=== What the task requires ===
Below are records; how many of their lines contain "bool"? Reply with the number and no other words.

Records from a collection
(* Let $p\in(0,1)$, $\mu_p=(1-p)\delta_{-1}+p\delta_1$, $h_0=2p-1$, and let $\mathcal{U}$ be the uniform probability measure on $[-1,1]$. Define $I_p(x)=\frac{1+x}{2}\log\frac{1+x}{2p}+\frac{1-x}{2}\log\frac{1-x}{2(1-p)}$ for $x\in[-1,1]$ (and $+\infty$ otherwise), and the cost $w_p:\{-1,1\}^n\times[-1,1]^n\to[0,+\infty]$, $$w_p(x,u)=\sum_{i=1}^n 2\,|I_p'(u_i)|\,\mathbf{1}_{x_i(h_0-u_i)<0}.$$ Then for every probability measure $\nu$ on $\{-1,1\}^n$, $$\mathcal{W}_{w_p}(\nu,\mathcal{U}^n)\le H(\nu\,|\,\mu_p^n),$$ and equality holds if $\nu$ is a product measure.
   Context: $\mathcal{W}_c(\nu,\tilde\mu)=\inf_\pi\int c(x,u)\,d\pi(x,u)$, the infimum over couplings $\pi$ of $\nu$ and $\tilde\mu$. $H(\nu|\mu)$ is the relative entropy ($\int\log\frac{d\nu}{d\mu}d\nu$ if $\nu\ll\mu$, $+\infty$ otherwise). $\mu_p^n$ and $\mathcal{U}^n$ denote $n$-fold products. *)

theory Defs
  imports "HOL-Probability.Probability"
begin

definition mu_p :: "real \<Rightarrow> real measure" where
  "mu_p p = density (count_space {-1, 1}) (\<lambda>x. if x = 1 then ennreal p else ennreal (1 - p))"

definition unifU :: "real measure" where
  "unifU = uniform_measure lborel {-1..1}"
lemma coh_rel_class_image:
  assumes "a \<in> coh_points" "\<alpha> < N" "D \<alpha> a \<noteq> 0"
  shows "\<sigma> \<alpha> ` (coh_rel `` {a}) = coh_rel `` {\<sigma> \<alpha> a}"
proof
  show "\<sigma> \<alpha> ` (coh_rel `` {a}) \<subseteq> coh_rel `` {\<sigma> \<alpha> a}"
    using coh_rel_forward assms(2,3) by blast
  show "coh_rel `` {\<sigma> \<alpha> a} \<subseteq> \<sigma> \<alpha> ` (coh_rel `` {a})"
  proof
    fix y
    assume "y \<in> coh_rel `` {\<sigma> \<alpha> a}"
    moreover have "has_active_pred \<alpha> (\<sigma> \<alpha> a)"
      using assms coh_points_basins by (auto simp: has_active_pred_def)
    ultimately have "(a, inv (\<sigma> \<alpha>) y) \<in> coh_rel"
      using coh_rel_backward assms(2) by fastforce
    then show "y \<in> \<sigma> \<alpha> ` (coh_rel `` {a})"
      using assms(2) by (auto intro: image_eqI[where x = "inv (\<sigma> \<alpha>) y"])
  qed
qed

lemma coh_rel_class_card_step:
  assumes "a \<in> coh_points" "\<alpha> < N" "D \<alpha> a \<noteq> 0"
  shows "card (coh_rel `` {\<sigma> \<alpha> a}) = card (coh_rel `` {a})"
proof -
  have "inj_on (\<sigma> \<alpha>) (coh_rel `` {a})"
    using assms(2) by (simp add: inj_on_def)
  then show ?thesis
    using coh_rel_class_image[OF assms] card_image by metis
qed

lemma coh_rel_class_card:
  assumes "a \<in> coh_points"
  shows "card (coh_rel `` {a}) = card (coh_rel `` {j0})"
proof -
  have "card (coh_rel `` {fst x}) = card (coh_rel `` {j0})" if "x \<in> coh_comp" for x
  proof -
    have "(coh_adj N \<sigma> D support_rel)\<^sup>*\<^sup>* (j0, k0) x"
      using that by (simp add: coh_comp_def)
    then show ?thesis
    proof (induction rule: rtranclp_induct)
      case (step y z)
      have "y \<in> coh_comp" "z \<in> coh_comp"
        using step.hyps coh_comp_closed by (auto simp: coh_comp_def)
      then have "fst y \<in> coh_points" "fst z \<in> coh_points"
        by (auto simp: coh_points_def)
      moreover obtain \<alpha> where "coh_edge N \<sigma> D support_rel y \<alpha> z \<or> coh_edge N \<sigma> D support_rel z \<alpha> y"
        using step.hyps(2) by (auto simp: coh_adj_def)
      then consider "\<alpha> < N" "\<sigma> \<alpha> (fst y) = fst z" "D \<alpha> (fst y) \<noteq> 0"
        | "\<alpha> < N" "\<sigma> \<alpha> (fst z) = fst y" "D \<alpha> (fst z) \<noteq> 0"
        by (auto simp: coh_edge_def)
      ultimately have "card (coh_rel `` {fst z}) = card (coh_rel `` {fst y})"
        by cases (metis coh_rel_class_card_step)+
      then show ?case
        using step.IH by simp
    qed simp
  qed
  moreover obtain x where "x \<in> coh_comp" "a = fst x \<or> a = snd x"
    using assms by (auto simp: coh_points_def)
  moreover have "coh_rel `` {fst x} = coh_rel `` {snd x}" if "x \<in> coh_comp" for x
    using coh_comp_subset_coh_rel that equiv_class_eq[OF equiv_coh_rel] by (cases x) auto
  ultimately show ?thesis
    by metis
qed
(* Let $(M,\omega)$ be a closed symplectic manifold, $a\in QH(M;\Lambda)$ a nonzero idempotent, $K\subset M$ compact, and $K_1\supset K_2\supset\cdots$ compact subsets of $M$ with $\bigcap_n K_n=K$. If $K_n$ is $a$-heavy (resp. $a$-superheavy) for all $n\ge1$, then $K$ is $a$-heavy (resp. $a$-superheavy).
   Context: $\Lambda$ is the Novikov field of series $\sum_{i\ge0}a_iT^{\lambda_i}$, $a_i\in\mathbb{Q}$, $\lambda_i\in\mathbb{R}$ strictly increasing to $+\infty$, valuation $\operatorname{val}$. For nonzero $a$ and nondegenerate $H:M\times S^1\to\mathbb{R}$, the spectral invariant is $c(a;H)=\max\{\operatorname{val}(x): x\in CF(H;\Lambda),dx=0,[x]=PSS^H_\Lambda(a)\}$ (Hamiltonian Floer complex over $\Lambda$ with energy-weighted differential, $PSS^H_\Lambda$ the PSS isomorphism), extended to continuous $H$ by continuity. For smooth $H:M\to\mathbb{R}$, $\mu(a;H)=\lim_n c(a;nH)/n$. A compact $K$ is $a$-heavy if $\mu(a;H)\le\max_K H$ for all $H\in C^\infty(M)$, and $a$-superheavy if $\mu(a;H)\ge\min_K H$ for all $H\in C^\infty(M)$. *)

theory Defs
  imports "HOL-Analysis.Analysis" "HOL-Library.Extended_Real"
begin

(* Abstract heaviness relative to an asymptotic spectral invariant mu = mu(a;-),
   defined on a class Sm of (smooth) functions M -> real.
   max_K H and min_K H are taken in the extended reals, so that for K = {}
   they are -infinity / +infinity, as in the paper's convention. *)

definition heavy :: "(('a \<Rightarrow> real) \<Rightarrow> real) \<Rightarrow> ('a \<Rightarrow> real) set \<Rightarrow> 'a set \<Rightarrow> bool" where
  "heavy mu Sm K \<longleftrightarrow> (\<forall>H\<in>Sm. ereal (mu H) \<le> (SUP x\<in>K. ereal (H x)))"

definition superheavy :: "(('a \<Rightarrow> real) \<Rightarrow> real) \<Rightarrow> ('a \<Rightarrow> real) set \<Rightarrow> 'a set \<Rightarrow> bool" where
  "superheavy mu Sm K \<longleftrightarrow> (\<forall>H\<in>Sm. ereal (mu H) \<ge> (INF x\<in>K. ereal (H x)))"

end

theory Submission
  imports Defs
begin

text \<open>For continuous H, the maximum of H over a decreasing sequence of compact sets
  converges to its maximum over their intersection (and likewise the minimum), since an open
  sublevel set containing the intersection already contains some member of the sequence. The
  heaviness inequalities for the K_n therefore pass to the limit.\<close>

lemma decseq_compact_subset_open:
  fixes K :: "nat \<Rightarrow> 'a::t2_space set"
  assumes compact: "\<And>n. compact (K n)" and "decseq K"
    and "open U" and "\<Inter>(range K) \<subseteq> U"
  shows "\<exists>N. K N \<subseteq> U"
proof (rule ccontr)
  assume not_in_U: "\<nexists>N. K N \<subseteq> U"
  have "(K 0 - U) \<inter> (\<Inter>n\<in>UNIV. K n) \<noteq> {}"
  proof (rule compact_imp_fip_image)
    show "compact (K 0 - U)"
      using compact \<open>open U\<close> by (simp add: compact_diff)
    show "closed (K n)" for n
      using compact by (rule compact_imp_closed)
  next
    fix I :: "nat set" assume "finite I"
    define N where "N = Max (insert 0 I)"
    have "K N \<subseteq> K i" if "i \<in> insert 0 I" for i
      using \<open>decseq K\<close> \<open>finite I\<close> that unfolding N_def decseq_def by simp
    moreover have "K N - U \<noteq> {}"
      using not_in_U by blast
    ultimately show "(K 0 - U) \<inter> (\<Inter>i\<in>I. K i) \<noteq> {}"
      by blast
  qed
  with \<open>\<Inter>(range K) \<subseteq> U\<close> show False
    by blast
qed

lemma INF_SUP_decseq_compact:
  fixes f :: "'a::t2_space \<Rightarrow> real" and K :: "nat \<Rightarrow> 'a set"
  assumes "continuous_on UNIV f" and "\<And>n. compact (K n)" and "decseq K"
  shows "(INF n. SUP x\<in>K n. ereal (f x)) = (SUP x\<in>\<Inter>(range K). ereal (f x))"
proof (rule antisym)
  show "(SUP x\<in>\<Inter>(range K). ereal (f x)) \<le> (INF n. SUP x\<in>K n. ereal (f x))"
    by (intro INF_greatest SUP_subset_mono) auto
  show "(INF n. SUP x\<in>K n. ereal (f x)) \<le> (SUP x\<in>\<Inter>(range K). ereal (f x))"
  proof (rule dense_ge)
    fix y assume y: "(SUP x\<in>\<Inter>(range K). ereal (f x)) < y"
    show "(INF n. SUP x\<in>K n. ereal (f x)) \<le> y"
    proof (cases y)
      case (real c)
      have "open (f -` {..<c})"
        using \<open>continuous_on UNIV f\<close> by (simp add: continuous_on_open_vimage)
      moreover have "\<Inter>(range K) \<subseteq> f -` {..<c}"
      proof
        fix x assume "x \<in> \<Inter>(range K)"
        then have "ereal (f x) \<le> (SUP x\<in>\<Inter>(range K). ereal (f x))"
          by (rule SUP_upper)
        with y real show "x \<in> f -` {..<c}"
          using order.strict_trans1 by fastforce
      qed
      ultimately obtain N where "K N \<subseteq> f -` {..<c}"
        using decseq_compact_subset_open assms(2,3) by blast
      then have "(SUP x\<in>K N. ereal (f x)) \<le> y"
        using real by (auto intro!: SUP_least)
      then show ?thesis
        by (rule INF_lower2[OF UNIV_I])
    qed (use y in auto)
  qed
qed

lemma SUP_INF_decseq_compact:
  fixes f :: "'a::t2_space \<Rightarrow> real" and K :: "nat \<Rightarrow> 'a set"
  assumes "continuous_on UNIV f" and "\<And>n. compact (K n)" and "decseq K"
  shows "(SUP n. INF x\<in>K n. ereal (f x)) = (INF x\<in>\<Inter>(range K). ereal (f x))"
proof -
  have "continuous_on UNIV (\<lambda>x. - f x)"
    using assms(1) by (intro continuous_intros)
  from INF_SUP_decseq_compact[OF this assms(2,3)]
  have "- (INF n. SUP x\<in>K n. - ereal (f x)) = - (SUP x\<in>\<Inter>(range K). - ereal (f x))"
    by (simp flip: uminus_ereal.simps)
  then show ?thesis
    by (simp only: ereal_INF_uminus_eq ereal_SUP_uminus_eq ereal_uminus_uminus)
qed

theorem lemma3p7:
  fixes mu :: "('a::t2_space \<Rightarrow> real) \<Rightarrow> real"
    and Sm :: "('a \<Rightarrow> real) set"
    and K :: "'a set" and Kn :: "nat \<Rightarrow> 'a set"
  assumes Sm_cont: "\<And>H. H \<in> Sm \<Longrightarrow> continuous_on UNIV H"
    and K_compact: "compact K"
    and Kn_compact: "\<And>n. compact (Kn n)"
    and Kn_decr: "\<And>n. Kn (Suc n) \<subseteq> Kn n"
    and Kn_inter: "(\<Inter>n. Kn n) = K"
  shows "((\<forall>n. heavy mu Sm (Kn n)) \<longrightarrow> heavy mu Sm K)
       \<and> ((\<forall>n. superheavy mu Sm (Kn n)) \<longrightarrow> superheavy mu Sm K)"
proof -
  have "decseq Kn"
    using Kn_decr by (rule decseq_SucI)
  note SUP_eq = INF_SUP_decseq_compact[OF Sm_cont Kn_compact this, unfolded Kn_inter]
   and INF_eq = SUP_INF_decseq_compact[OF Sm_cont Kn_compact this, unfolded Kn_inter]
  show ?thesis
    unfolding heavy_def superheavy_def
    by (auto simp flip: SUP_eq INF_eq intro: INF_greatest SUP_least)
qed

end
lemma Pi_set_refinement_disjoint:
  assumes "0 < q" "coprime p m" "i < p" "j < p" "i \<noteq> j"
  shows "Pi_set M (x + i * (q * m)) (q * p) \<inter> Pi_set M (x + j * (q * m)) (q * p) = {}"
proof -
  have "\<not> [x + i * (q * m) = x + j * (q * m)] (mod q * p)"
  proof
    assume "[x + i * (q * m) = x + j * (q * m)] (mod q * p)"
    then have "[q * (i * m) = q * (j * m)] (mod q * p)"
      by (simp add: cong_add_lcancel_nat ac_simps)
    then have "[i * m = j * m] (mod p)"
      using \<open>0 < q\<close> by (simp add: cong_def)
    then have "[i = j] (mod p)"
      using \<open>coprime p m\<close> by (simp add: cong_mult_rcancel_nat coprime_commute)
    then show False
      using assms(3-5) cong_less_modulus_unique_nat by blast
  qed
  then show ?thesis
    by (auto simp: mem_Pi_set_iff) (meson cong_sym cong_trans)
qed

lemma power_cong_root_of_unity:
  fixes z :: "'a::monoid_mult"
  assumes "z ^ N = 1" "[x = y] (mod N)"
  shows "z ^ x = z ^ y"
proof -
  have "z ^ k = z ^ (k mod N)" for k
  proof -
    have "z ^ k = z ^ (N * (k div N) + k mod N)" by simp
    also have "\<dots> = z ^ (k mod N)"
      by (simp only: power_add power_mult assms(1) power_one mult.left_neutral)
    finally show ?thesis .
  qed
  then show ?thesis
    using assms(2) unfolding cong_def by metis
qed

lemma poly_mask_poly: "poly (mask_poly Y) z = (\<Sum>y\<in>Y. z ^ y)"
  by (simp add: mask_poly_def poly_sum poly_monom)

lemma sum_Pi_set_refinement:
  assumes "0 < p" "0 < q" "coprime p m"
  shows "(\<Sum>y \<in> A \<inter> Pi_set M x q. f y) =
    (\<Sum>j<p. \<Sum>y \<in> A \<inter> Pi_set M (x + j * (q * m)) (q * p). f y)"
proof -
  have U: "A \<inter> Pi_set M x q = (\<Union>j<p. A \<inter> Pi_set M (x + j * (q * m)) (q * p))"
    by (subst Pi_set_eq_UN_refinement[OF assms(1,3)]) blast
  have disjoint: "(A \<inter> Pi_set M (x + i * (q * m)) (q * p)) \<inter> (A \<inter> Pi_set M (x + j * (q * m)) (q * p)) = {}"
    if "i < p" "j < p" "i \<noteq> j" for i j
    using Pi_set_refinement_disjoint[OF assms(2,3) that] by blast
  show ?thesis
    unfolding U by (rule sum.UNION_disjoint) (simp, simp, use disjoint in blast)
qed

lemma sum_powers_root_of_unity:
  fixes w :: "'a::field"
  assumes "w ^ p = 1" "w \<noteq> 1"
  shows "(\<Sum>j<p. w ^ j) = 0"
  using geometric_sum[OF assms(2), of p] assms(1) by simp

lemma poly_mask_poly_equidistributed_eq_0:
  fixes z :: complex
  assumes "0 < p" "0 < q" "coprime p m" "z ^ (q * p) = 1" "z ^ (q * m) \<noteq> 1"
    and equi: "\<And>j. j < p \<Longrightarrow> card (A \<inter> Pi_set M (x + j * (q * m)) (q * p)) = c"
  shows "poly (mask_poly (A \<inter> Pi_set M x q)) z = 0"
proof -
  have power_eq: "z ^ y = z ^ x * (z ^ (q * m)) ^ j" if "y \<in> Pi_set M (x + j * (q * m)) (q * p)" for y j
  proof -
    have "z ^ y = z ^ (x + j * (q * m))"
      using that power_cong_root_of_unity[OF \<open>z ^ (q * p) = 1\<close>] by (simp add: mem_Pi_set_iff)
    then show ?thesis
      by (simp add: power_add power_mult mult.commute[of j])
  qed
  have "(\<Sum>y \<in> A \<inter> Pi_set M (x + j * (q * m)) (q * p). z ^ y) = of_nat c * (z ^ x * (z ^ (q * m)) ^ j)"
    if "j < p" for j
  proof -
    have "(\<Sum>y \<in> A \<inter> Pi_set M (x + j * (q * m)) (q * p). z ^ y) =
        (\<Sum>y \<in> A \<inter> Pi_set M (x + j * (q * m)) (q * p). z ^ x * (z ^ (q * m)) ^ j)"
      using power_eq by (intro sum.cong) auto
    then show ?thesis
      using equi[OF that] by simp
  qed
  then have "poly (mask_poly (A \<inter> Pi_set M x q)) z = (\<Sum>j<p. of_nat c * (z ^ x * (z ^ (q * m)) ^ j))"
    unfolding poly_mask_poly sum_Pi_set_refinement[OF assms(1-3)] by simp
  also have "\<dots> = of_nat c * z ^ x * (\<Sum>j<p. (z ^ (q * m)) ^ j)"
    by (simp add: sum_distrib_left mult.assoc)
  also have "(\<Sum>j<p. (z ^ (q * m)) ^ j) = 0"
  proof (rule sum_powers_root_of_unity)
    have "(z ^ (q * m)) ^ p = (z ^ (q * p)) ^ m"
      by (simp only: power_mult[symmetric] ac_simps)
    then show "(z ^ (q * m)) ^ p = 1"
      using \<open>z ^ (q * p) = 1\<close> by simp
  qed (rule \<open>z ^ (q * m) \<noteq> 1\<close>)
  finally show ?thesis by simp
qed

lemma cis_root_power_eq_1_iff:
  assumes "0 < n" "coprime k n"
  shows "cis (2 * pi * real k / real n) ^ t = 1 \<longleftrightarrow> n dvd t"
proof -
  have "cis (2 * pi * real k / real n) ^ t = cis (2 * pi * real (k * t) / real n)"
    unfolding Complex.DeMoivre by (simp add: mult_ac)
  also have "\<dots> = exp (2 * of_real pi * \<i> * of_nat (k * t) / of_nat n)"
    by (simp add: cis_conv_exp mult_ac)
  also have "\<dots> = 1 \<longleftrightarrow> n dvd k * t"
    using assms(1) by (intro complex_root_unity_eq_1) simp
  also have "\<dots> \<longleftrightarrow> n dvd t"
    using assms(2) by (simp add: coprime_commute coprime_dvd_mult_right_iff)
  finally show ?thesis .
qed

lemma prod_linear_factors_dvd:
  fixes f :: "'b \<Rightarrow> 'a::idom"
  assumes "finite S" "inj_on f S" "\<And>k. k \<in> S \<Longrightarrow> poly P (f k) = 0"
  shows "(\<Prod>k\<in>S. [:- f k, 1:]) dvd P"
  using assms
proof (induction S arbitrary: P rule: finite_induct)
  case empty
  then show ?case by simp
next
  case (insert x S)
  obtain Q where Q: "P = [:- f x, 1:] * Q"
    using insert.prems(2) by (meson dvdE insertI1 poly_eq_0_iff_dvd)
  have "poly Q (f k) = 0" if "k \<in> S" for k
  proof -
    have "f k \<noteq> f x"
      using insert.prems(1) insert.hyps(2) that by (metis inj_onD insertCI)
    then show ?thesis
      using insert.prems(2)[of k] that Q by simp
  qed
  then have "(\<Prod>k\<in>S. [:- f k, 1:]) dvd Q"
    using insert.IH insert.prems(1) by (simp add: inj_on_insert)
  then show ?case
    unfolding Q prod.insert[OF insert.hyps] by (rule mult_dvd_mono[OF dvd_refl])
qed

lemma cyclotomic_dvd:
  assumes "0 < n" "\<And>k. k < n \<Longrightarrow> coprime k n \<Longrightarrow> poly P (cis (2 * pi * real k / real n)) = 0"
  shows "cyclotomic n dvd P"
  unfolding cyclotomic_def
proof (rule prod_linear_factors_dvd)
  show "inj_on (\<lambda>k. cis (2 * pi * real k / real n)) {k. k < n \<and> coprime k n}"
    using Complex.bij_betw_roots_unity[OF \<open>0 < n\<close>] by (auto simp: bij_betw_def lessThan_def elim: inj_on_subset)
qed (use assms in auto)

lemma cyclotomic_dvd_mask_poly_equidistributed:
  assumes "1 < p" "0 < q" "coprime p m"
    and "\<And>j. j < p \<Longrightarrow> card (A \<inter> Pi_set M (x + j * (q * m)) (q * p)) = c"
  shows "cyclotomic (q * p) dvd mask_poly (A \<inter> Pi_set M x q)"
proof (rule cyclotomic_dvd)
  show "0 < q * p" using assms(1,2) by simp
  fix k assume "coprime k (q * p)"
  define z where "z = cis (2 * pi * real k / real (q * p))"
  have "\<not> p dvd m"
    using assms(1,3) coprime_absorb_left by fastforce
  then have "\<not> q * p dvd q * m"
    using \<open>0 < q\<close> by simp
  then have "z ^ (q * p) = 1" "z ^ (q * m) \<noteq> 1"
    using cis_root_power_eq_1_iff[OF \<open>0 < q * p\<close> \<open>coprime k (q * p)\<close>] by (simp_all add: z_def)
  moreover have "0 < p" using assms(1) by simp
  ultimately show "poly (mask_poly (A \<inter> Pi_set M x q)) z = 0"
    using poly_mask_poly_equidistributed_eq_0[OF _ \<open>0 < q\<close> \<open>coprime p m\<close> _ _ assms(4)]
    by (simp add: z_def)
qed

lemma div_prime_multiplicity_decompose:
  fixes p M :: nat
  assumes "prime p" "p dvd M" "0 < M"
  obtains m where "M div p = p ^ (multiplicity p M - 1) * m" "coprime p m"
    and "p ^ multiplicity p M = p ^ (multiplicity p M - 1) * p"
proof -
  have "1 < p" using \<open>prime p\<close> prime_gt_1_nat by blast
  obtain m where M: "M = p ^ multiplicity p M * m" and "\<not> p dvd m"
    using multiplicity_decompose'[of M p] assms(3) \<open>1 < p\<close> by auto
  have "multiplicity p M \<noteq> 0"
    using assms by (simp add: prime_multiplicity_gt_zero_iff)
  then have pn: "p ^ multiplicity p M = p ^ (multiplicity p M - 1) * p"
    by (simp add: power_eq_if)
  show thesis
  proof
    show "M div p = p ^ (multiplicity p M - 1) * m"
      using \<open>1 < p\<close> by (subst M) (simp add: pn)
    show "coprime p m"
      using \<open>prime p\<close> \<open>\<not> p dvd m\<close> by (simp add: prime_imp_coprime_nat)
  qed (rule pn)
qed

theorem lemma4p8:
  fixes M p a0 :: nat and A B :: "nat set"
  assumes "M \<ge> 1"
    and "prime p" and "p dvd M"
    and "tiling M A B"
    and "0 \<in> B"
    and "a0 \<in> A"
    and "\<forall>a \<in> A \<inter> Pi_set M a0 (p ^ (multiplicity p M - 1)).
           splits_BA M A B p (multiplicity p M) (fiber M p a)"
  shows "(\<forall>\<nu> \<in> {1..p - 1}.
            card (A \<inter> Pi_set M a0 (p ^ multiplicity p M)) =
            card (A \<inter> Pi_set M ((a0 + \<nu> * (M div p)) mod M) (p ^ multiplicity p M)))
         \<and> cyclotomic (p ^ multiplicity p M) dvd
             mask_poly (A \<inter> Pi_set M a0 (p ^ (multiplicity p M - 1)))"
proof -
  define n where "n = multiplicity p M"
  define q where "q = p ^ (n - 1)"
  have "1 < p"
    using \<open>prime p\<close> prime_gt_1_nat by blast
  then have "0 < q"
    by (simp add: q_def)
  obtain m where D: "M div p = q * m" and "coprime p m" and pn: "p ^ n = q * p"
    using div_prime_multiplicity_decompose[of p M] assms(1-3) unfolding n_def q_def by auto
  have "p ^ n dvd M"
    unfolding n_def by (rule multiplicity_dvd)
  have "\<forall>a \<in> A \<inter> Pi_set M a0 q. splits_BA M A B p n (fiber M p a)"
    using assms(7) by (simp add: n_def q_def)
  then have "\<forall>a \<in> A \<inter> Pi_set M (a0 + j * (M div p)) (p ^ n). splits_BA M A B p n (fiber M p a)" for j
    using Pi_set_refinement_subset[of M a0 j q m p] unfolding D pn by blast
  then have equi: "card (A \<inter> Pi_set M (a0 + j * (M div p)) (p ^ n)) = card (A \<inter> Pi_set M a0 (p ^ n))"
    if "j \<le> p" for j
    using card_Pi_set_shift_eq[OF assms(4,5) \<open>1 < p\<close> assms(3) \<open>p ^ n dvd M\<close>] that by blast
  show ?thesis
    unfolding n_def[symmetric] q_def[symmetric]
  proof (intro conjI ballI)
    fix \<nu> assume "\<nu> \<in> {1..p - 1}"
    then have "\<nu> \<le> p" by auto
    then show "card (A \<inter> Pi_set M a0 (p ^ n)) = card (A \<inter> Pi_set M ((a0 + \<nu> * (M div p)) mod M) (p ^ n))"
      using equi Pi_set_mod[OF \<open>p ^ n dvd M\<close>] by simp
  next
    show "cyclotomic (p ^ n) dvd mask_poly (A \<inter> Pi_set M a0 q)"
      unfolding pn using \<open>1 < p\<close> \<open>0 < q\<close> \<open>coprime p m\<close>
    proof (rule cyclotomic_dvd_mask_poly_equidistributed)
      fix j assume "j < p"
      then show "card (A \<inter> Pi_set M (a0 + j * (q * m)) (q * p)) = card (A \<inter> Pi_set M a0 (p ^ n))"
        using equi[of j] by (simp add: D pn)
    qed
  qed
qed

end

=== Result ===
2